Initially denied entry to medical school in Cincinnati, Taylor entered private study under the dean of the Ohio College of Dental Surgery.  Despite this, she was still denied entry to dental school, and opened her own private practice in Ohio.  Four years later, in 1865, Taylor was accepted to the Ohio State Dental Society, who sent her to the 1865 American Dental Association convention in Chicago as their delegate.  She finally earned her degree in February 1866.

In late 1867, Taylor and her husband, also a dentist, moved out to Lawrence, Kansas and began their practice.  The practice was very successful, and “Dr. Lucy” became a highly respected professional.  Here’s what she had to say about her new home:

“I am a New Yorker by birth, but I love my adopted country — the West. To it belongs the credit of making it possible for women to be recognized in the dental profession on equal terms with men.”

Dr. Taylor continued practicing until her husband passed away in 1886.  Though she retired from dentistry, she spent her remaining years fighting for women’s suffrage, as well as other political and civil causes.

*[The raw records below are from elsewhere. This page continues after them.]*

(* Let $Q_1=\{q_1<q_2<q_3<\cdots\}$ and $Q_2=\{v_1<v_2<v_3<\cdots\}$ be sets of prime powers (greater than 1), the elements within each set being pairwise coprime. Let $S_1$ be the set of integers $q_1^{e_1}\cdots q_s^{e_s}$ with $s\ge0$, $q_i\in Q_1$, $e_i\in\mathbb Z_{\ge0}$, and $S_2$ likewise with $Q_2$. Let $\pi_i(x)=\#\{q\in Q_i:q\le x\}$. Let $h:\mathbb N\to\mathbb R_{\ge0}$ be non-increasing and put $V_i(x)=\sum_{n\in S_i,\ n\le x}h(n)$ for $i=1,2$. Then: (a) if $\pi_1(x)\ge\pi_2(x)$ for all $x\ge0$, then $V_1(x)\ge V_2(x)$ for all $x\ge0$; (b) if $x_0$ is a real number and $\pi_1(x)\ge\pi_2(x)$ for all $x\le x_0$, then $V_1(x)\ge V_2(x)$ for all $x\le x_0$. *)

theory Defs
  imports Complex_Main "HOL-Number_Theory.Prime_Powers" "HOL-Library.Multiset"
begin

definition gen_set :: "nat set \<Rightarrow> nat set" where
  "gen_set Q = {prod_mset M | M. set_mset M \<subseteq> Q}"

definition count_upto :: "nat set \<Rightarrow> real \<Rightarrow> nat" where
  "count_upto Q x = card {q \<in> Q. real q \<le> x}"

definition Vsum :: "(nat \<Rightarrow> real) \<Rightarrow> nat set \<Rightarrow> real \<Rightarrow> real" where
  "Vsum h S x = (\<Sum>n \<in> {n \<in> S. real n \<le> x}. h n)"

end

theory Submission
  imports Defs
begin

text \<open>Since \<open>\<pi>\<^sub>2 \<le> \<pi>\<^sub>1\<close> up to \<open>x\<close>, a greedy (Hall-type) matching sends the elements of
  \<open>Q\<^sub>2\<close> up to \<open>x\<close> injectively to elements of \<open>Q\<^sub>1\<close> that are not larger. Extending it
  multiplicatively gives a map from \<open>S\<^sub>2 \<inter> [1, x]\<close> to \<open>S\<^sub>1 \<inter> [1, x]\<close> that does not increase
  numbers, and it is injective because products of pairwise coprime prime powers determine
  their factors. As \<open>h\<close> is non-increasing and non-negative,
  \<open>V\<^sub>2(x) \<le> \<Sum> h(\<Phi> n) \<le> V\<^sub>1(x)\<close>.\<close>

lemma zero_notin_if_primepows: "\<forall>q\<in>Q. primepow q \<Longrightarrow> 0 \<notin> Q"
  using primepow_gt_Suc_0 by force

lemma multiplicity_prod_mset_primepow:
  fixes M :: "nat multiset"
  assumes "set_mset M \<subseteq> Q" "0 \<notin> Q" "prime p" "k > 0"
    and "\<forall>r\<in>Q. r \<noteq> p ^ k \<longrightarrow> \<not> p dvd r"
  shows "multiplicity p (prod_mset M) = count M (p ^ k) * k"
  using assms(1)
proof (induction M)
  case empty
  then show ?case by simp
next
  case (add r M)
  then have "r \<in> Q" "prod_mset M \<noteq> 0" using assms(2) by auto
  moreover have "r \<noteq> 0" using \<open>r \<in> Q\<close> assms(2) by metis
  moreover have "multiplicity p r = (if r = p ^ k then k else 0)"
    using assms(3,5) \<open>r \<in> Q\<close> by (auto simp: multiplicity_same_power not_dvd_imp_multiplicity_0)
  ultimately show ?case
    using add assms(3) by (simp add: prime_elem_multiplicity_mult_distrib)
qed

lemma prod_mset_eq_imp_eq_coprime_primepows:
  fixes M N :: "nat multiset"
  assumes pp: "\<forall>q\<in>Q. primepow q"
    and cop: "\<forall>a\<in>Q. \<forall>b\<in>Q. a \<noteq> b \<longrightarrow> coprime a b"
    and M: "set_mset M \<subseteq> Q" and N: "set_mset N \<subseteq> Q"
    and eq: "prod_mset M = prod_mset N"
  shows "M = N"
proof (rule multiset_eqI)
  fix q
  show "count M q = count N q"
  proof (cases "q \<in> Q")
    case False
    then show ?thesis using M N by (metis count_eq_zero_iff subsetD)
  next
    case True
    then obtain p k where pk: "prime p" "k > 0" "q = p ^ k"
      using pp primepow_def by blast
    have "0 \<notin> Q" using pp by (rule zero_notin_if_primepows)
    have "\<not> p dvd r" if "r \<in> Q" "r \<noteq> p ^ k" for r
    proof
      assume "p dvd r"
      moreover have "p dvd q" using pk by simp
      moreover have "coprime r q" using cop True that pk(3) by blast
      ultimately show False using pk by (meson coprime_common_divisor not_prime_unit)
    qed
    then have "count M q * k = count N q * k"
      using multiplicity_prod_mset_primepow[OF M \<open>0 \<notin> Q\<close> pk(1,2)]
        multiplicity_prod_mset_primepow[OF N \<open>0 \<notin> Q\<close> pk(1,2)] eq pk by simp
    then show ?thesis using pk(2) by simp
  qed
qed

lemma image_mset_inj_on_eq:
  assumes "image_mset f M = image_mset f N" "inj_on f (set_mset M \<union> set_mset N)"
  shows "M = N"
  using image_mset_eq_image_mset_plusD[of f M N "{#}"] assms by auto

lemma prod_mset_image_le:
  fixes M :: "nat multiset"
  assumes "\<forall>v\<in>#M. f v \<le> v"
  shows "prod_mset (image_mset f M) \<le> prod_mset M"
  using assms by (induction M) (auto intro: mult_le_mono)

Lucy Hobbs Taylor passed away on October 3rd, 1910 at the age of 77.  In her own lifetime, her influence was deeply felt: by the year 1900, there were almost a thousand female dentists in the United States, with Taylor paving the way for them.  In 1983, the American Association of Women Dentists began giving the annual Lucy Hobbs Taylor Award to distinguished women dentists.  In their words, “This award recognizes a woman dentist who has contributed to the advancement, enrichment, and betterment of the role of women in the field of dentistry through her achievements in civic, cultural, humanitarian and academic areas.”